AI companies also enjoyed a premium over non-AI companies. The average Series C deal size for an AI startup was $83.7 million, compared to $52.1 million for non-AI companies.

Some AI companies closed several large fundraising rounds last year. According to Rock Health, accelerating fundraising timelines can be risky because it leaves little time between rounds to progress as companies burn through cash.

“This may reflect growing pressure to ‘join’ the AI ​​race (at all costs) or confidence that AI itself can accelerate product-market fit,” the report’s authors write. “It remains to be seen whether this gamble will pay off. »

Increasing funds invested in AI startups could be justified, given the healthcare industry’s enthusiasm for the technology, the report’s authors wrote. Still, AI startups will face competition from incumbent health IT companies, like electronic health record vendors – And companies like OpenAI who have expressed interest in the sector.
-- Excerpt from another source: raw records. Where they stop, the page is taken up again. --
lemma subtree_bounds: "y \<in> subtree x \<Longrightarrow> x \<le> y \<and> (y = x \<or> k \<le> y \<and> y < k + t)"
proof (induction rule: subtree.induct)
  case (subtree_child y z)
  then show ?case using parent_less[of z] by auto
qed simp

lemma subtree_subset: "k \<le> x \<Longrightarrow> x < k + t \<Longrightarrow> subtree x \<subseteq> {k..<k + t}"
  using subtree_bounds by fastforce

lemma finite_subtree: "finite (subtree x)"
  by (rule finite_subset[of _ "insert x {..<k + t}"]) (use subtree_bounds in auto)

lemma subtree_trans: "y \<in> subtree a \<Longrightarrow> a \<in> subtree x \<Longrightarrow> y \<in> subtree x"
  by (induction rule: subtree.induct) (auto intro: subtree_child)

lemma subtree_ancestor: "y \<in> subtree b \<Longrightarrow> y \<in> subtree a \<Longrightarrow> a \<le> b \<Longrightarrow> b \<in> subtree a"
proof (induction rule: subtree.induct)
  case subtree_self
  then show ?case by simp
next
  case (subtree_child y z)
  show ?case
  proof (cases "z = a")
    case True
    then have "b \<le> a" using subtree_bounds subtree_child subtree.subtree_child by blast
    then show ?thesis using subtree_child True by (simp add: subtree_self)
  next
    case False
    from subtree_child.prems(1) have "parent E z \<in> subtree a"
      by cases (use False subtree_child in auto)
    then show ?thesis using subtree_child by auto
  qed
qed

lemma subtrees_disjoint:
  assumes "c \<noteq> c'" "parent E c < c'" "parent E c' < c"
  shows "subtree c \<inter> subtree c' = {}"
proof -
  have *: "y \<notin> subtree c'" if "c < c'" "parent E c' < c" "y \<in> subtree c" for c c' y
  proof
    assume "y \<in> subtree c'"
    then have "c' \<in> subtree c"
      using subtree_ancestor[OF _ \<open>y \<in> subtree c\<close>] that(1) by simp
    then have "parent E c' \<in> subtree c"
    proof cases
      case subtree_self
      then show ?thesis using that(1) by simp
    qed simp
    then have "c \<le> parent E c'" using subtree_bounds by blast
    then show False using that(2) by simp
  qed
  from assms(1) consider "c < c'" | "c' < c" by linarith
  then show ?thesis
    by cases (use assms * in blast)+
qed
Meanwhile, mergers and acquisitions soared last year, to 195 deals from 121 in 2024, the lowest level in five years. Some M&A were driven by acquisitions of growth-stage digital health companies looking to add new capabilities, talent and customers – but other deals were purchases of distressed assets.

Last year also saw five digital health IPOs, including companies such as digital musculoskeletal care company. Hinge health and chronic disease management company Health Omadaafter years of slow activity on public markets for the sector.

And while there is pent-up demand for more public releases, political and economic uncertainty could make it difficult for companies to move forward, the report’s authors write.

The historically long government shutdown last fall created a backlog of filings with the Securities and Exchange Commission, while the healthcare industry faces significant coverage losses when massive cuts to Medicaid come into force.